Harry held up his badge case as he studied the woman's reactions: "Inspector Callahan, San Francisco Police. I need to speak with Miss Weyland, please."

The nurse looked uncertain, as if she simply didn't know how to respond to a cop at the door, but after a long, drawn-out moment she nodded her head slowly then simply pulled the door to and led Callahan down an ornate marble-tiled hallway that led to an entry foyer, complete with opulent leather wingback chairs. Callahan noted a small room off the foyer that seemed to be dedicated to the fine art of smoking expensive cigars and drinking single malt scotch whisky.

"If you'll wait here, please?" the nurse said.

"Right," Callahan sighed as he stood by a tall window that looked out over the reflecting pool fronting the Palace of Fine Arts, the last remaining structure built for the 1915 Panama--Pacific International Exposition. He peeked through the door into the smoking room and saw that the seating in the smallish, wood-paneled room was arranged to take in what had to be the most exquisite view in the city. The towering sentinel columns that defined the colonnade seemed to lead from the smoking room right to the main rotunda, and Callahan stood, transfixed, by the utter perfection of the setting. A minute or so passed and then an elegantly dressed white-haired man came down the same marbled hallway from deep inside the huge house, and as the man walked up Callahan could almost feel the wealth oozing out of the man's pores.

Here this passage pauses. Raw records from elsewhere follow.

(* Let $N\ge 2$. For every $N$-player game $G$ and every player $i\in A$, $$R_i(G)\le (N-1)\sum_{j\in A,\,j\neq i}R_j(G).$$
   Context: Let $A=\{1,\dots,N\}$ be a finite set of players. A game is any function $G:2^A\to\mathbb{R}$ (no normalization such as $G(\emptyset)=0$ is assumed). For a player $i$ and a coalition $S\subseteq A\setminus\{i\}$, the marginal contribution is $d_iG(S)=G(S\cup\{i\})-G(S)$. Let $f_i$ be a random subset of $A\setminus\{i\}$ with distribution $\Pr\{f_i=S\}=\frac{|S|!\,(N-|S|-1)!}{N!}$ for each $S\subseteq A\setminus\{i\}$. The Shapley value of $G$ for player $i$ is $V_i(G)=\mathbf{E}[d_iG(f_i)]$ and the Shapley uncertainty of $G$ for player $i$ is $R_i(G)=\mathrm{Var}[d_iG(f_i)]$. *)

theory Defs
  imports Complex_Main
begin

definition players :: "nat \<Rightarrow> nat set" where
  "players N = {1..N}"

definition marg :: "(nat set \<Rightarrow> real) \<Rightarrow> nat \<Rightarrow> nat set \<Rightarrow> real" where
  "marg G i S = G (S \<union> {i}) - G S"

definition shapley_weight :: "nat \<Rightarrow> nat set \<Rightarrow> real" where
  "shapley_weight N S = fact (card S) * fact (N - card S - 1) / fact N"

definition shapley_value :: "nat \<Rightarrow> (nat set \<Rightarrow> real) \<Rightarrow> nat \<Rightarrow> real" where
  "shapley_value N G i =
     (\<Sum>S\<in>Pow (players N - {i}). shapley_weight N S * marg G i S)"

definition shapley_uncertainty :: "nat \<Rightarrow> (nat set \<Rightarrow> real) \<Rightarrow> nat \<Rightarrow> real" where
  "shapley_uncertainty N G i =
     (\<Sum>S\<in>Pow (players N - {i}).
        shapley_weight N S * (marg G i S - shapley_value N G i)^2)"

end

theory Submission
  imports Defs "HOL-Combinatorics.Multiset_Permutations" "HOL-Analysis.Convex"
begin

text \<open>The Shapley weights are the law of the set of predecessors of a player in a uniformly
random ordering of all players. Along any fixed ordering the marginal contributions of the
players telescope to G(A) - G({}), which is therefore also the sum of the Shapley values.
Hence the centred marginal contributions of all players sum to zero ordering by ordering,
so the deviation of player i is minus the sum of the deviations of the other N - 1 players,
and Cauchy-Schwarz bounds its square by N - 1 times their sum of squares. Averaging over
orderings gives the claim.\<close>

definition predecessors :: "'a \<Rightarrow> 'a list \<Rightarrow> 'a set" where
  "predecessors j xs = set (takeWhile (\<lambda>x. x \<noteq> j) xs)"

lemma predecessors_append_Cons: "j \<notin> set u \<Longrightarrow> predecessors j (u @ j # v) = set u"
  unfolding predecessors_def by (induction u) auto

lemma predecessors_subset:
  "xs \<in> permutations_of_set A \<Longrightarrow> predecessors j xs \<subseteq> A - {j}"
  unfolding predecessors_def by (auto dest: permutations_of_setD set_takeWhileD)

lemma permutations_with_predecessors_eq_image:
  assumes "j \<in> A" and "S \<subseteq> A - {j}"
  shows "{xs \<in> permutations_of_set A. predecessors j xs = S}
           = (\<lambda>(u, v). u @ j # v) ` (permutations_of_set S \<times> permutations_of_set (A - S - {j}))"
    (is "?L = ?join ` ?D")
proof (intro equalityI subsetI)
  fix xs assume "xs \<in> ?L"
  then have xs: "set xs = A" "distinct xs" and pred: "predecessors j xs = S"
    by (auto dest: permutations_of_setD)
  obtain u v where uv: "xs = u @ j # v" "j \<notin> set u"
    using split_list_first \<open>j \<in> A\<close> xs(1) by metis
  then have "set u = S" using pred by (simp add: predecessors_append_Cons)
  with xs uv have "(u, v) \<in> ?D" by auto
  with uv show "xs \<in> ?join ` ?D" by force
next
  fix xs assume "xs \<in> ?join ` ?D"
  then obtain u v where "xs = u @ j # v" and "set u = S" "distinct u"
    and "set v = A - S - {j}" "distinct v"
    by (auto simp: permutations_of_set_def)
  with assms show "xs \<in> ?L"
    by (auto simp: predecessors_append_Cons permutations_of_set_def)
qed

lemma card_permutations_with_predecessors:
  assumes "finite A" and "j \<in> A" and "S \<subseteq> A - {j}"
  shows "card {xs \<in> permutations_of_set A. predecessors j xs = S}
           = fact (card S) * fact (card A - card S - 1)"
proof -
  let ?join = "\<lambda>(u, v). u @ j # v"
  let ?D = "permutations_of_set S \<times> permutations_of_set (A - S - {j})"
  have "inj_on ?join ?D"
  proof (rule inj_onI, clarify)
    fix u v u' v'
    assume "u \<in> permutations_of_set S" "v \<in> permutations_of_set (A - S - {j})"
      and "u @ j # v = u' @ j # v'"
    moreover have "j \<notin> set u" "j \<notin> set v"
      using calculation(1,2) assms(3) by (auto dest: permutations_of_setD)
    ultimately show "u = u' \<and> v = v'"
      by (simp add: append_Cons_eq_iff)
  qed
  moreover have "finite S" using assms finite_subset by blast
  moreover have "card (A - S - {j}) = card A - card S - 1"
  proof -
    have "A - S - {j} = A - insert j S" and "insert j S \<subseteq> A" using assms by auto
    moreover have "card (insert j S) = card S + 1"
      using \<open>finite S\<close> assms(3) by (subst card_insert_disjoint) auto
    ultimately show ?thesis using \<open>finite S\<close> by (simp add: card_Diff_subset)
  qed
  ultimately show ?thesis
    using assms by (simp add: permutations_with_predecessors_eq_image card_image card_cartesian_product)
qed

lemma sum_shapley_weight_eq_average_permutations:
  fixes A :: "nat set" and h :: "nat set \<Rightarrow> real"
  assumes "finite A" and "j \<in> A"
  shows "(\<Sum>S\<in>Pow (A - {j}). shapley_weight (card A) S * h S)
           = (\<Sum>xs\<in>permutations_of_set A. h (predecessors j xs)) / fact (card A)"
proof -
  have "(\<Sum>xs\<in>permutations_of_set A. h (predecessors j xs))
      = (\<Sum>S\<in>Pow (A - {j}).
           \<Sum>xs\<in>{xs \<in> permutations_of_set A. predecessors j xs = S}. h (predecessors j xs))"
    using assms by (intro sum.group[symmetric]) (auto dest!: predecessors_subset)
  also have "\<dots> = (\<Sum>S\<in>Pow (A - {j}). fact (card S) * fact (card A - card S - 1) * h S)"
    using card_permutations_with_predecessors[OF assms] by (intro sum.cong) auto
  finally show ?thesis
    by (simp add: shapley_weight_def sum_divide_distrib)
qed

lemma sum_marg_predecessors:
  "distinct xs \<Longrightarrow>
     (\<Sum>j\<in>set xs. marg G j (B \<union> predecessors j xs)) = G (B \<union> set xs) - G B"
proof (induction xs arbitrary: B)
  case Nil
  then show ?case by simp
next
  case (Cons x xs)
  have "predecessors j (x # xs) = insert x (predecessors j xs)" if "j \<in> set xs" for j
    using that Cons.prems unfolding predecessors_def by auto
  then have "(\<Sum>j\<in>set xs. marg G j (B \<union> predecessors j (x # xs)))
      = (\<Sum>j\<in>set xs. marg G j (insert x B \<union> predecessors j xs))"
    by (intro sum.cong) simp_all
  also have "\<dots> = G (insert x B \<union> set xs) - G (insert x B)"
    using Cons.IH[of "insert x B"] Cons.prems by simp
  moreover have "marg G x (B \<union> predecessors x (x # xs)) = G (insert x B) - G B"
    by (simp add: predecessors_def marg_def)
  ultimately show ?case
    using Cons.prems by simp
qed

lemma shapley_value_eq_average_permutations:
  assumes "j \<in> players N"
  shows "shapley_value N G j
           = (\<Sum>xs\<in>permutations_of_set (players N). marg G j (predecessors j xs)) / fact N"
  using sum_shapley_weight_eq_average_permutations[of "players N" j "marg G j"] assms
  by (simp add: shapley_value_def players_def)

lemma shapley_uncertainty_eq_average_permutations:
  assumes "j \<in> players N"
  shows "shapley_uncertainty N G j
           = (\<Sum>xs\<in>permutations_of_set (players N).
                (marg G j (predecessors j xs) - shapley_value N G j)^2) / fact N"
  using sum_shapley_weight_eq_average_permutations
          [of "players N" j "\<lambda>S. (marg G j S - shapley_value N G j)^2"] assms
  by (simp add: shapley_uncertainty_def players_def)

lemma sum_marg_predecessors_permutation:
  "xs \<in> permutations_of_set A \<Longrightarrow> (\<Sum>j\<in>A. marg G j (predecessors j xs)) = G A - G {}"
  using sum_marg_predecessors[of xs G "{}"] by (auto dest: permutations_of_setD)

lemma sum_shapley_value: "(\<Sum>j\<in>players N. shapley_value N G j) = G (players N) - G {}"
proof -
  let ?P = "permutations_of_set (players N)"
  have "(\<Sum>j\<in>players N. shapley_value N G j)
      = (\<Sum>xs\<in>?P. \<Sum>j\<in>players N. marg G j (predecessors j xs)) / fact N"
    by (simp add: shapley_value_eq_average_permutations sum_divide_distrib[symmetric]
        sum.swap[of _ "players N"])
  also have "\<dots> = G (players N) - G {}"
    by (simp add: sum_marg_predecessors_permutation players_def)
  finally show ?thesis .
qed

lemma square_le_card_mult_sum_squares_if_sum_eq_0:
  fixes y :: "'a \<Rightarrow> real"
  assumes "finite A" and "i \<in> A" and "(\<Sum>j\<in>A. y j) = 0"
  shows "(y i)^2 \<le> real (card A - 1) * (\<Sum>j\<in>A - {i}. (y j)^2)"
proof -
  have "y i = - (\<Sum>j\<in>A - {i}. y j)"
    using assms by (simp add: sum.remove)
  then have "(y i)^2 = (\<Sum>j\<in>A - {i}. y j)^2" by simp
  also have "\<dots> \<le> (\<Sum>j\<in>A - {i}. (y j)^2) * card (A - {i})"
    by (rule sum_squared_le_sum_of_squares)
  finally show ?thesis
    using assms by (simp add: mult.commute)
qed

theorem mainTheorem5:
  fixes N :: nat and G :: "nat set \<Rightarrow> real" and i :: nat
  assumes "N \<ge> 2" and "i \<in> players N"
  shows "shapley_uncertainty N G i
           \<le> real (N - 1) * (\<Sum>j\<in>players N - {i}. shapley_uncertainty N G j)"
proof -
  let ?A = "players N" and ?P = "permutations_of_set (players N)"
  define dev where "dev xs j = marg G j (predecessors j xs) - shapley_value N G j" for xs j
  have R: "shapley_uncertainty N G j = (\<Sum>xs\<in>?P. (dev xs j)^2) / fact N" if "j \<in> ?A" for j
    using that by (simp add: shapley_uncertainty_eq_average_permutations dev_def)
  have "(dev xs i)^2 \<le> real (N - 1) * (\<Sum>j\<in>?A - {i}. (dev xs j)^2)" if "xs \<in> ?P" for xs
  proof -
    have "(\<Sum>j\<in>?A. dev xs j) = 0"
      using that by (simp add: dev_def sum_subtractf sum_marg_predecessors_permutation
          sum_shapley_value)
    then show ?thesis
      using assms(2) square_le_card_mult_sum_squares_if_sum_eq_0[of ?A i "dev xs"]
      by (simp add: players_def)
  qed
  then have "shapley_uncertainty N G i
      \<le> (\<Sum>xs\<in>?P. real (N - 1) * (\<Sum>j\<in>?A - {i}. (dev xs j)^2)) / fact N"
    using assms(2) by (simp add: R divide_right_mono sum_mono)
  also have "\<dots> = real (N - 1) * (\<Sum>j\<in>?A - {i}. shapley_uncertainty N G j)"
    by (simp add: R sum_distrib_left sum_divide_distrib sum.swap[of _ "?A - {i}"])
  finally show ?thesis .
qed

end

"You're with the Police Department?" the man asked.

And Callahan nodded. "Yessir. Harry Callahan, Homicide. I'm going to need to speak further with Miss Weyland. Are you her father?"

"Would this be about last night?"

"Yessir."

"I see. Well, perhaps you weren't aware, but Devlin is unwell, and she has been most of her life. She hallucinates, she sees things that aren't really there, so is it possible that she hallucinated the events of last night, Mr. Callahan?"

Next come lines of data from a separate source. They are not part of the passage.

(* Let $G$ be a finite bipartite graph with maximum degree $\Delta(G)$. Suppose that some set $E_0$ of edges of the Cartesian product $G \square K_2$ is precolored using colors from a set of at most $\Delta(G)+1$ colors, such that the distance between any two edges of $E_0$ is at least three. Then this precoloring is extendable, i.e. there is a proper edge coloring of $G \square K_2$ with $\chi'(G \square K_2)$ colors in which every edge of $E_0$ receives its prescribed color.
   Context: The Cartesian product $G \square H$ has vertex set $V(G)\times V(H)$, with $(u_1,u_2)$ adjacent to $(v_1,v_2)$ iff either $u_1=v_1$ and $u_2v_2 \in E(H)$, or $u_2=v_2$ and $u_1v_1\in E(G)$. The distance between vertices is the length of a shortest path between them, and the distance between edges $xy$ and $zw$ is $\min\{d(x,z),d(x,w),d(y,z),d(y,w)\}$. $\chi'$ denotes the chromatic index. *)

theory Defs
  imports Main "HOL-Library.Extended_Nat"
begin

definition simple_graph :: "'v set \<Rightarrow> 'v set set \<Rightarrow> bool" where
  "simple_graph V E \<longleftrightarrow> finite V \<and> (\<forall>e\<in>E. e \<subseteq> V \<and> card e = 2)"

definition bipartite :: "'v set \<Rightarrow> 'v set set \<Rightarrow> bool" where
  "bipartite V E \<longleftrightarrow> (\<exists>A \<subseteq> V. \<forall>e\<in>E. card (e \<inter> A) = 1)"

definition degree :: "'v set set \<Rightarrow> 'v \<Rightarrow> nat" where
  "degree E v = card {e\<in>E. v \<in> e}"

definition max_degree :: "'v set \<Rightarrow> 'v set set \<Rightarrow> nat" where
  "max_degree V E = (if V = {} then 0 else Max (degree E ` V))"

definition cart_prod_V :: "'a set \<Rightarrow> 'b set \<Rightarrow> ('a \<times> 'b) set" where
  "cart_prod_V V1 V2 = V1 \<times> V2"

"No sir. There were other witnesses that confirmed events as she described them."

"Remarkable. I didn't know that. I came over earlier this morning and had to sedate her -- as I thought she had hallucinated these events, but now you're telling me they actually happened?"

"Yessir. Excuse me, but are you a physician?"

"Yes. I'm the head of psychiatry up at General."

"I don't know what you've been told, Doctor, button employee of the yacht club was -- well, for want of a better word, he was vaporized -- and directly in front of Miss Weyland -- and another employee of the club. Two other employees located a little further from the scene observed some of this as it happened, as well," Callahan replied, cataloging the physician's appearance as they faced off, filing away the details in his mind -- just in case: white buttoned down shirt, laundered, heavy starch; a Hermes necktie, tannish gold with a small, repeating riding crop motif; black slacks, pressed, Gucci belt, Gucci loafers; hair on the medium-long side, blond turning white, neatly clean and combed, parted on the left; eyes hazel but with contact lenses; watch, Rolex Submariner; no wedding band or other jewelry.